LoRusso anticipates greater interest in 2024 in using precision medicine for earlier stages of disease and in earlier lines of cancer treatment, including as neoadjuvant treatment. 

“If you can target a tumor’s specific alterations sooner, the potential exists for a greater possibility of eradicating the tumor,” she explained. “At earlier stages or lines of treatment, the tumor is less likely to have spread or developed additional molecular alterations that can make it harder to treat with precision medicine.” 

This year, LoRusso expects to see more biomarker-driven trials testing whether therapies that have historically been used as adjuvant treatment for metastatic disease could be effective in the neoadjuvant setting. She also anticipates that newly developed ADCs or small-molecule inhibitors will increasingly be used as neoadjuvant therapy. 

“If we can define appropriate tumor drivers and target them as early as possible, we might be able to think about curing cancer rather than simply controlling it,” she said. 

Personalizing combination therapies 

Combining therapies is a tried-and-true strategy in cancer treatment, but LoRusso argued that the impersonal approach currently used is hindering progress. 

“One thing that is missing as we are designing combinations is thinking about the ratios of the individual drugs that comprise the combination. How do we know that we need full doses of both drugs? What if we need a little bit more of one drug and less of another?” she posed, explaining that some molecular alterations in any given tumor may be more relevant than others in driving tumor progression.  

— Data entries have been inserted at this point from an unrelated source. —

(* Let $K$ be a finite simplicial complex, $|\cdot|$ a norm on $\mathbb{R}^n$, and $f\colon|K|\to\mathbb{R}^n$ a piecewise linear function that has a root in $|K|$. Then $\mathrm{rob}(f)$ is a critical value of $f$, i.e. there is a simplex $\Delta\in K$ with $\mathrm{rob}(f)=\min_{x\in\Delta}|f(x)|$.
   Context: A function is piecewise linear on $|K|$ if it is affine on each simplex of $K$. For $\alpha\ge0$, an $\alpha$-perturbation of $f$ is a continuous $g\colon|K|\to\mathbb{R}^n$ with $\max_{x\in|K|}|g(x)-f(x)|\le\alpha$. For $f$ having a root, $\mathrm{rob}(f):=\max\{\alpha\ge0:\text{every }\alpha\text{-perturbation of }f\text{ has a root in }|K|\}$ (this set is closed and bounded). *)

theory Defs
  imports "HOL-Analysis.Analysis"
begin

definition is_norm :: "('v::real_vector \<Rightarrow> real) \<Rightarrow> bool" where
  "is_norm N \<longleftrightarrow>
     (\<forall>x. 0 \<le> N x) \<and> (\<forall>x. N x = 0 \<longleftrightarrow> x = 0) \<and>
     (\<forall>c x. N (c *\<^sub>R x) = \<bar>c\<bar> * N x) \<and>
     (\<forall>x y. N (x + y) \<le> N x + N y)"

definition cplx_body :: "'a set set \<Rightarrow> 'a set" where
  "cplx_body K = \<Union>K"

definition piecewise_linear_on ::
    "'a::euclidean_space set set \<Rightarrow> ('a \<Rightarrow> 'b::real_normed_vector) \<Rightarrow> bool" where
  "piecewise_linear_on K f \<longleftrightarrow>
     (\<forall>D\<in>K. \<exists>A b. linear A \<and> (\<forall>x\<in>D. f x = A x + b))"

definition perturbation ::
    "('b::real_normed_vector \<Rightarrow> real) \<Rightarrow> 'a::euclidean_space set set \<Rightarrow> ('a \<Rightarrow> 'b) \<Rightarrow> real \<Rightarrow> ('a \<Rightarrow> 'b) \<Rightarrow> bool" where
  "perturbation N K f \<alpha> g \<longleftrightarrow>
     continuous_on (cplx_body K) g \<and> (\<forall>x\<in>cplx_body K. N (g x - f x) \<le> \<alpha>)"

text \<open>rob(f) = max of the alphas such that every alpha-perturbation has a root in |K|
  (the set is closed and bounded, so the max is its supremum).\<close>
definition rob ::
    "('b::real_normed_vector \<Rightarrow> real) \<Rightarrow> 'a::euclidean_space set set \<Rightarrow> ('a \<Rightarrow> 'b) \<Rightarrow> real" where
  "rob N K f = Sup {\<alpha>. 0 \<le> \<alpha> \<and>
      (\<forall>g. perturbation N K f \<alpha> g \<longrightarrow> (\<exists>x\<in>cplx_body K. g x = 0))}"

“Genomic tumor profiling tells us which alterations exist, but it doesn’t tell us how functional they are,” she said, noting that some of the alterations identified in a tumor may no longer be relevant to the disease. Emerging technologies could help clinicians understand the functionality of each alteration and quantify its significance relative to other alterations. Phosphoproteomic profiling, for example, can identify which proteins in the cell are phosphorylated, a common mark of protein activation. 

LoRusso hopes that in 2024 and beyond, researchers will consider using this information to develop and evaluate personalized combinations unique to each tumor’s “ratio of alterations.”  

“I dream of the day when we can use phosphoproteomics to not only better understand which alterations we should be targeting based on their functionality, but also potentially use phosphoproteomics as a road map to define the optimal ratio of each drug within a combination,” she said. 

“The emergence of increasingly sophisticated technology has led to novel drugs, novel trial designs, novel combination strategies, novel technologies for biomarker development and assessment—all driven by a greater understanding of cancer biology,” LoRusso concluded.  

“These are very, very exciting times for precision medicine and cancer drug development.”